Time is a precious commodity. Especially when there isn't enough of it to go around.
I don't have much time to dust or garden and exercise (I know; I'm a slack writer).
Yesterday I found out that I have been awarded a writing grant from Creative NZ which will give me time: time to spend hours and hours needed to bang this last book into shape. I could pay for someone to come in and dust or garden or pay one of my girls to haul me out to write but, nope, not happening. I'm running away.
I've already booked my accommodation in Naseby to go to as a retreat where I will be free from domestics and distractions (including the internet because it takes quite an effort to connect up there - 2000ft above Stress level is Naseby;s logo). My plan is to write, walk, read, write, eat, write, walk, read, write, write. I will be on my own and free to get up at 2am if a scene grabs me and not feel bad about waking up the whanau (and be able to take a nana nap later that day).
I feel so utterly bestowed to have been given this lifeline - it is as if the gods have gone: oi, you, TK. How's about we throw down an extra ten hours in every day for the next two months - just for you? Cos we think you're worth it.
How did I celebrate? I bought chocolate for my students and running shoes for my eldest (yes, I get the irony). And, I planned my time off.
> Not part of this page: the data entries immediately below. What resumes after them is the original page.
lemma ext_zero_last_terms:
  assumes WPZ: "etri C W P Z" and ABD: "etri C A B D"
    and PD: "ext_zero C P D" and WA: "ext_zero C W A" and ZB: "ext_zero C Z B"
  shows "ext_zero C Z D"
  unfolding ext_zero_def
proof
  fix e assume e: "e \<in> Ex C Z D"
  obtain w p \<delta> where \<delta>: "\<delta> \<in> Ex C Z W" and w: "w \<in> Hom C W P" and p: "p \<in> Hom C P Z"
    and r\<delta>: "rea C \<delta> w p" using WPZ unfolding etri_def by blast
  obtain u v \<eta> where \<eta>: "\<eta> \<in> Ex C D A" and u: "u \<in> Hom C A B" and v: "v \<in> Hom C B D"
    and r\<eta>: "rea C \<eta> u v" using ABD unfolding etri_def by blast
  have "pull C p e = ezero C P D" using PD pull_Ex[OF p e] unfolding ext_zero_def by blast
  then obtain f where f: "f \<in> Hom C W D" "e = push C f \<delta>"
    using pull_deflation_kernel[OF e \<delta> w p r\<delta>] by blast
  have "pull C f \<eta> = ezero C W A" using WA pull_Ex[OF f(1) \<eta>] unfolding ext_zero_def by blast
  then obtain g where g: "g \<in> Hom C W B" "f = cmp C v g"
    using factor_through_deflation[OF \<eta> u v r\<eta> f(1)] by blast
  have g\<delta>: "push C g \<delta> = ezero C Z B" using ZB push_Ex[OF g(1) \<delta>] unfolding ext_zero_def by blast
  have "e = push C v (push C g \<delta>)" using f(2) g(2) push_cmp[OF g(1) v \<delta>] by simp
  then show "e = ezero C Z D" using g\<delta> push_ezero[OF v] Ex_Ob[OF e] by simp
qed

(* Exactness of E(S,U) \<rightarrow> E(Y,U) \<rightarrow> E\<^sup>2(L,U) at E(Y,U), with E(W,U) standing in for E\<^sup>2(L,U):
   since E(W,U) = 0, the extension d of Y \<rightarrow> S \<rightarrow> L is v\<^sub>* d' for the deflation v : M \<rightarrow> Y
   realizing e, and (ET4) then exhibits e as pulled back along the inflation Y \<rightarrow> S. *)
lemma ext_zero_cocone:
  assumes YSL: "etri C Y S L" and SU: "ext_zero C S U"
    and P: "projective C P" and WPL: "etri C W P L" and WU: "ext_zero C W U"
  shows "ext_zero C Y U"
  unfolding ext_zero_def
proof
  fix e assume e: "e \<in> Ex C Y U"
  obtain x y d where d: "d \<in> Ex C L Y" and x: "x \<in> Hom C Y S" and y: "y \<in> Hom C S L"
    and rd: "rea C d x y" using YSL unfolding etri_def by blast
  obtain w p \<delta> where \<delta>: "\<delta> \<in> Ex C L W" and w: "w \<in> Hom C W P" and p: "p \<in> Hom C P L"
    and r\<delta>: "rea C \<delta> w p" using WPL unfolding etri_def by blast
  have L: "L \<in> Ob C" using Hom_Ob p by blast
  obtain M u v where u: "u \<in> Hom C U M" and v: "v \<in> Hom C M Y" and re: "rea C e u v"
    using realization_exists[OF e] by blast
  obtain g where g: "g \<in> Hom C P S" "cmp C y g = p"
    using P[unfolded projective_def] d x y rd p by blast
  have "cmp C (idm C L) p = cmp C y g" using g cmp_idm_left[OF p] by simp
  then obtain a where a: "a \<in> Hom C W Y" "push C a \<delta> = pull C (idm C L) d"
    using ET3op_fill[OF \<delta> d w p x y r\<delta> rd g(1) idm_Hom[OF L]] by blast
  have "pull C a e = ezero C W U" using WU pull_Ex[OF a(1) e] unfolding ext_zero_def by blast
  then obtain a' where a': "a' \<in> Hom C W M" "a = cmp C v a'"
    using factor_through_deflation[OF e u v re a(1)] by blast
  define d' where "d' = push C a' \<delta>"
  have d': "d' \<in> Ex C L M" using push_Ex[OF a'(1) \<delta>] d'_def by simp
  have vd': "push C v d' = d" using d'_def push_cmp[OF a'(1) v \<delta>] a a' pull_idm[OF d] by simp
  obtain G g2 g2' where g2: "g2 \<in> Hom C M G" and g2': "g2' \<in> Hom C G L"
    and rd': "rea C d' g2 g2'" using realization_exists[OF d'] by blast
  obtain E dd e' d'' where dd: "dd \<in> Hom C Y E" and e': "e' \<in> Hom C E L" and d'': "d'' \<in> Ex C E U"
    and rdd: "rea C (push C v d') dd e'" and pd: "pull C dd d'' = e"
    using ET4_octahedron[OF e u v re d' g2 g2' rd'] by blast
  have "equiv_seq C S E x y dd e'" using realizations_equiv[OF d x y rd dd e'] rdd vd' by simp
  then obtain b where b: "is_iso C S E b" "cmp C b x = dd" unfolding equiv_seq_def by blast
  have bh: "b \<in> Hom C S E" using b(1) unfolding is_iso_def by blast
  have bd: "pull C b d'' = ezero C S U" using SU pull_Ex[OF bh d''] unfolding ext_zero_def by blast
  have "e = pull C x (pull C b d'')" using pd b(2) pull_cmp[OF bh x d''] by simp
  then show "e = ezero C Y U" using bd pull_ezero[OF x] Ex_Ob[OF e] by simp
qed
And, as to my plans for the next wee while - writing is it and reading.
What do I plan to read? Well, last week I moaned about a less than positive reading experience. This week I'm metaphorically banging my head on the desk because I'm reading Geraldine Brooks first novel: Year of Wonders. It. Is. Stunning! May I warmly recommend it to you: set in 1666....
Her style of writing is very different from mine: I'm sparse; she's opulent without being overwrought. I'm trying to move along action at the moment; she's showing me it's okay just to slow down and smell the hydrangeas.
Tomorrow, during my school's writing club get together, I'm going to focus on word choice because I have been so uplifted and replenished by Geraldine's writing, I have a craving for tasty words.
Six weeks till deadline (when the manuscript is due at the publishers). It feels like it does ten days out from a production - potential, chaos, exhaustion, excitement.
It will be (and always is) alright on the night.